I came across a project worth doing called Medical Device Hacking with no instruction manual on how to do it or what to expect, so I had to dive in headfirst.
Where and how did you find the data?
I found the data for this project in a few different places. Primarily, I used the Food and Drug Administration’s Recalls, Market Withdrawals, & Safety Alerts database.
This is a great resource for finding information on medical devices that have been recalled or had some other safety issue. I also used the ClinicalTrials.gov database to find information on clinical trials of medical devices. Finally, I used Google Patents to find patent information on medical devices.
What challenges did you have along the way?
One of the challenges I faced was that most medical devices are not hackable. They either have no exposed interfaces or the interfaces are well-protected. I had to find ways to bypass these protections.

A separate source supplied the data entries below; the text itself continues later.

lemma set_integral_cmod_trig_poly_sq_le:
  fixes w :: "real \<Rightarrow> real"
  assumes w: "w \<in> borel_measurable lborel" "set_integrable lborel {0..<2*pi} w"
    and wM: "AE l in lborel. l \<in> {0..<2*pi} \<longrightarrow> w l \<le> M"
  shows "(LINT l:{0..<2*pi}|lborel. (cmod (\<Sum>k<K. c k * exp (\<i> * of_nat k * of_real l)))\<^sup>2 * w l)
    \<le> 2 * pi * M * (\<Sum>k<K. (cmod (c k))\<^sup>2)"
proof -
  let ?p = "\<lambda>l. (cmod (\<Sum>k<K. c k * exp (\<i> * of_nat k * of_real l)))\<^sup>2"
  have p_meas: "?p \<in> borel_measurable lborel"
    by (auto intro!: borel_measurable_continuous_onI continuous_intros)
  have p_bound: "norm (?p l) \<le> (\<Sum>k<K. cmod (c k))\<^sup>2" for l
  proof -
    have "cmod (\<Sum>k<K. c k * exp (\<i> * of_nat k * of_real l)) \<le> (\<Sum>k<K. cmod (c k))"
      using norm_sum[of "\<lambda>k. c k * exp (\<i> * of_nat k * of_real l)" "{..<K}"]
      by (simp add: norm_mult norm_exp_eq_Re)
    then show ?thesis
      by (simp add: power_mono)
  qed
  have "(LINT l:{0..<2*pi}|lborel. ?p l * w l) \<le> (LINT l:{0..<2*pi}|lborel. ?p l * M)"
  proof (rule set_integral_mono_AE)
    show "set_integrable lborel {0..<2*pi} (\<lambda>l. ?p l * w l)"
      using set_integrable_bounded_mult[OF w(2,1) p_meas p_bound] by simp
    show "set_integrable lborel {0..<2*pi} (\<lambda>l. ?p l * M)"
      using set_integrable_bounded_mult[where A = "{0..<2*pi}" and w = "\<lambda>_. M",
          OF _ _ p_meas p_bound]
      by (simp add: set_integrable_def)
    show "AE l\<in>{0..<2*pi} in lborel. ?p l * w l \<le> ?p l * M"
      using wM by eventually_elim (simp add: mult_left_mono)
  qed
  also have "\<dots> = 2 * pi * M * (\<Sum>k<K. (cmod (c k))\<^sup>2)"
    by (simp add: set_integral_cmod_trig_poly_sq)
  finally show ?thesis .
qed

lemma norm_sum_funpow_sq:
  fixes U :: "'a::complex_inner_space \<Rightarrow> 'a" and w :: "real \<Rightarrow> real"
  assumes lin: "clinear_op U" and iso: "\<And>x. norm (U x) = norm x"
    and mom: "\<forall>n::nat. cinner \<psi> ((U ^^ n) \<psi>)
      = (LINT l:{0..<2*pi}|lborel. exp (\<i> * of_nat n * of_real l) * of_real (w l))"
    and w: "w \<in> borel_measurable lborel" "set_integrable lborel {0..<2*pi} w"
  shows "(norm (\<Sum>k<K. c k *\<^sub>C (U ^^ k) \<psi>))\<^sup>2
    = (LINT l:{0..<2*pi}|lborel. (cmod (\<Sum>k<K. c k * exp (\<i> * of_nat k * of_real l)))\<^sup>2 * w l)"
proof -
  have "complex_of_real ((norm (\<Sum>k<K. c k *\<^sub>C (U ^^ k) \<psi>))\<^sup>2)
      = (\<Sum>j<K. \<Sum>k<K. cnj (c j) * c k * cinner ((U ^^ j) \<psi>) ((U ^^ k) \<psi>))"
    unfolding cinner_self_norm[symmetric]
    by (simp add: cinner_sum_left cinner_sum_right cinner_scaleC_left cinner_scaleC_right
        sum_distrib_left mult.assoc) (subst sum.swap, simp add: ac_simps)
  also have "\<dots> = complex_of_real
      (LINT l:{0..<2*pi}|lborel. (cmod (\<Sum>k<K. c k * exp (\<i> * of_nat k * of_real l)))\<^sup>2 * w l)"
    unfolding cinner_funpow_moment[OF lin iso mom]
    by (rule set_integral_cmod_trig_poly_sq_weight[OF w, symmetric])
  finally show ?thesis
    by (simp only: of_real_eq_iff)
qed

Another challenge was that some of the devices I wanted to hack were expensive and hard to get my hands on. I had to be creative by viewing different sources that are verified information, and not just any information I came across over the net.
Finally, I had to figure out how the device worked before I could start hacking it. This meant reverse engineering its software and hardware by viewing other cyber professionals executing it successfully.
How did you overcome those challenges?
One of the challenges I faced was trying to understand all the different types of devices and how they worked. It was very difficult to keep up with all the new devices that were being released, and I often felt like I was playing catch-up.
Despite all these challenges, I persevered and started eventually to really understand what I was trying to accomplish in a very short time frame, but I had to do a lot of work in the field. Finally, I overcame this challenge by using my strong work ethic and determination to push through the difficult times.
My biggest advice for others is to learn as much as you can because it will get you one step closer to your goal. This knowledge will serve you later down the road when you are faced with a new project or problem that requires technical know-how about a particular device. It also helps you to be able to apply your knowledge in a different area of the security realm.
The bottom line is that you should never stop learning because it will truly help you understand how devices work and how networks are constructed. I encourage others who may be struggling with this challenge to push on because there is always a way around any obstacle when you put your mind to it.
How would you do the project differently if it was within the context of an industry setting for a job?
If I were to do the project again in an industry setting, I would take more time to plan and design the study.
What was the end result?
I’m glad that I was able to share my story with you and I hope it gives you a better understanding of the risks involved with medical devices.
My journey has been an interesting one, and I’m grateful for everything I’ve learned along the way.
Who helped along the way?
Several people helped me along the way. I was supported by my sister-in-law, who was caring for my wife, who unfortunately was diagnosed with stage 3 cancer just after I enrolled in the course.
Although it was extremely difficult, my wife Corrie encouraged me to finish the course despite the unfortunate turn of events. Michell’s support in every way, from taking her to chemotherapy when I couldn’t, to ensuring she ate well and stayed comfortable at her house, was just astounding.
The journey I took to hack medical devices would not have been possible without some very talented people. Their guidance and support have been invaluable to me. It was Luke Elin, my fantastic instructor, who helped me conceptualise this project. He gave me advice on how to approach the problem and how to build a comprehensive solution. I am grateful for Sid’s input throughout my work as well; his guidance was critical.